- _Task details_
Reproduce all the entries precisely.

[Stored items]

-- Opening Marker --

(* Let $U\in\mathsf{U}(\mathcal{H}_A\otimes\mathcal{H}_B)$ and let $U=\sum_{i=1}^mc_iV_i\otimes W_i$ with $c_i>0$, $V_i\in\mathsf{U}(\mathcal{H}_A)$, $W_i\in\mathsf{U}(\mathcal{H}_B)$; set $\phi:=2\|c\|_1^2-\|c\|_2^2$. Let $E$ be an additional system, $X\in\mathsf{L}(\mathcal{H}_{ABE})$ a Hermitian observable, and $\rho\in\mathsf{D}(\mathcal{H}_{ABE})$. Run the random double Hadamard test circuit described in the context on $\rho$, and let $\boldsymbol{y}\in\mathrm{spec}(X)$ be the outcome of measuring $X$ on $ABE$ and $\boldsymbol{b}=\boldsymbol{b}_1\boldsymbol{b}_2\in\{0,1\}^2$ the outcome of measuring $R_AR_B$ in the computational basis. Then $\hat{\boldsymbol{\mu}}:=\phi\,(-1)^{\boldsymbol{g}+\boldsymbol{b}_1+\boldsymbol{b}_2}\boldsymbol{y}$ is an unbiased estimator of $\mu:=\mathrm{Tr}(XU_{AB}\rho_{ABE}U_{AB}^\dagger)$.
   Context: Random setting: sample $(\boldsymbol{i},\boldsymbol{j},\boldsymbol{g})\in[m]^2\times\{0,1\}$ with probability $p(i,j,g)=0$ if $i=j$ and $g=1$, and $p(i,j,g)=c_ic_j/\phi$ otherwise. Given $(i,j,g)$, the circuit uses ancilla qubits $R_A,R_B$ initialized in $|0\rangle$: apply a Hadamard gate to each of $R_A,R_B$; if $g=1$ apply the phase gate $S=\mathrm{diag}(1,\mathrm{i})$ to each of $R_A,R_B$ (nothing if $g=0$); apply $|0\rangle\langle0|_{R_A}\otimes V_i+|1\rangle\langle1|_{R_A}\otimes V_j$ on $R_AA$ and $|0\rangle\langle0|_{R_B}\otimes W_i+|1\rangle\langle1|_{R_B}\otimes W_j$ on $R_BB$; apply a Hadamard gate to each of $R_A,R_B$; then measure $R_A,R_B$ in the computational basis and $ABE$ with respect to $X$ (identity acts on $E$ throughout). *)

theory Defs
  imports "HOL-Analysis.Analysis"
begin

text \<open>Finite-dimensional operators: a system with orthonormal basis indexed by a finite
type 'n has operators complex^'n^'n.  Composite systems are indexed by product types.
Qubits are indexed by bool (False = |0>, True = |1>).\<close>

definition cadj :: "complex^'n^'m \<Rightarrow> complex^'m^'n" where
  "cadj M = (\<chi> i j. cnj (M $ j $ i))"

definition unitary_op :: "complex^'n^'n \<Rightarrow> bool" where
  "unitary_op M \<longleftrightarrow> cadj M ** M = mat 1 \<and> M ** cadj M = mat 1"

definition hermitian_op :: "complex^'n^'n \<Rightarrow> bool" where
  "hermitian_op M \<longleftrightarrow> cadj M = M"

definition ctrace :: "complex^'n^'n \<Rightarrow> complex" where
  "ctrace M = (\<Sum>i\<in>UNIV. M $ i $ i)"

definition psd_op :: "complex^'n^'n \<Rightarrow> bool" where
  "psd_op M \<longleftrightarrow> (\<forall>v::complex^'n. let q = (\<Sum>i\<in>UNIV. \<Sum>j\<in>UNIV. cnj (v $ i) * M $ i $ j * v $ j)
                     in Im q = 0 \<and> Re q \<ge> 0)"

definition density_op :: "complex^'n^'n \<Rightarrow> bool" where
  "density_op M \<longleftrightarrow> hermitian_op M \<and> psd_op M \<and> ctrace M = 1"

definition kron :: "complex^'a^'a \<Rightarrow> complex^'b^'b \<Rightarrow> complex^('a\<times>'b)^('a\<times>'b)" where
  "kron M N = (\<chi> p q. M $ fst p $ fst q * N $ snd p $ snd q)"

definition basis_proj :: "'n \<Rightarrow> complex^'n^'n" where
  "basis_proj r = (\<chi> p q. if p = r \<and> q = r then 1 else 0)"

-- Closing Marker --

- _Exercise response_
(* Let $U\in\mathsf{U}(\mathcal{H}_A\otimes\mathcal{H}_B)$ and let $U=\sum_{i=1}^mc_iV_i\otimes W_i$ with $c_i>0$, $V_i\in\mathsf{U}(\mathcal{H}_A)$, $W_i\in\mathsf{U}(\mathcal{H}_B)$; set $\phi:=2\|c\|_1^2-\|c\|_2^2$. Let $E$ be an additional system, $X\in\mathsf{L}(\mathcal{H}_{ABE})$ a Hermitian observable, and $\rho\in\mathsf{D}(\mathcal{H}_{ABE})$. Run the random double Hadamard test circuit described in the context on $\rho$, and let $\boldsymbol{y}\in\mathrm{spec}(X)$ be the outcome of measuring $X$ on $ABE$ and $\boldsymbol{b}=\boldsymbol{b}_1\boldsymbol{b}_2\in\{0,1\}^2$ the outcome of measuring $R_AR_B$ in the computational basis. Then $\hat{\boldsymbol{\mu}}:=\phi\,(-1)^{\boldsymbol{g}+\boldsymbol{b}_1+\boldsymbol{b}_2}\boldsymbol{y}$ is an unbiased estimator of $\mu:=\mathrm{Tr}(XU_{AB}\rho_{ABE}U_{AB}^\dagger)$.
   Context: Random setting: sample $(\boldsymbol{i},\boldsymbol{j},\boldsymbol{g})\in[m]^2\times\{0,1\}$ with probability $p(i,j,g)=0$ if $i=j$ and $g=1$, and $p(i,j,g)=c_ic_j/\phi$ otherwise. Given $(i,j,g)$, the circuit uses ancilla qubits $R_A,R_B$ initialized in $|0\rangle$: apply a Hadamard gate to each of $R_A,R_B$; if $g=1$ apply the phase gate $S=\mathrm{diag}(1,\mathrm{i})$ to each of $R_A,R_B$ (nothing if $g=0$); apply $|0\rangle\langle0|_{R_A}\otimes V_i+|1\rangle\langle1|_{R_A}\otimes V_j$ on $R_AA$ and $|0\rangle\langle0|_{R_B}\otimes W_i+|1\rangle\langle1|_{R_B}\otimes W_j$ on $R_BB$; apply a Hadamard gate to each of $R_A,R_B$; then measure $R_A,R_B$ in the computational basis and $ABE$ with respect to $X$ (identity acts on $E$ throughout). *)

theory Defs
  imports "HOL-Analysis.Analysis"
begin

text \<open>Finite-dimensional operators: a system with orthonormal basis indexed by a finite
type 'n has operators complex^'n^'n.  Composite systems are indexed by product types.
Qubits are indexed by bool (False = |0>, True = |1>).\<close>

definition cadj :: "complex^'n^'m \<Rightarrow> complex^'m^'n" where
  "cadj M = (\<chi> i j. cnj (M $ j $ i))"

definition unitary_op :: "complex^'n^'n \<Rightarrow> bool" where
  "unitary_op M \<longleftrightarrow> cadj M ** M = mat 1 \<and> M ** cadj M = mat 1"

definition hermitian_op :: "complex^'n^'n \<Rightarrow> bool" where
  "hermitian_op M \<longleftrightarrow> cadj M = M"

definition ctrace :: "complex^'n^'n \<Rightarrow> complex" where
  "ctrace M = (\<Sum>i\<in>UNIV. M $ i $ i)"

definition psd_op :: "complex^'n^'n \<Rightarrow> bool" where
  "psd_op M \<longleftrightarrow> (\<forall>v::complex^'n. let q = (\<Sum>i\<in>UNIV. \<Sum>j\<in>UNIV. cnj (v $ i) * M $ i $ j * v $ j)
                     in Im q = 0 \<and> Re q \<ge> 0)"

definition density_op :: "complex^'n^'n \<Rightarrow> bool" where
  "density_op M \<longleftrightarrow> hermitian_op M \<and> psd_op M \<and> ctrace M = 1"

definition kron :: "complex^'a^'a \<Rightarrow> complex^'b^'b \<Rightarrow> complex^('a\<times>'b)^('a\<times>'b)" where
  "kron M N = (\<chi> p q. M $ fst p $ fst q * N $ snd p $ snd q)"

definition basis_proj :: "'n \<Rightarrow> complex^'n^'n" where
  "basis_proj r = (\<chi> p q. if p = r \<and> q = r then 1 else 0)"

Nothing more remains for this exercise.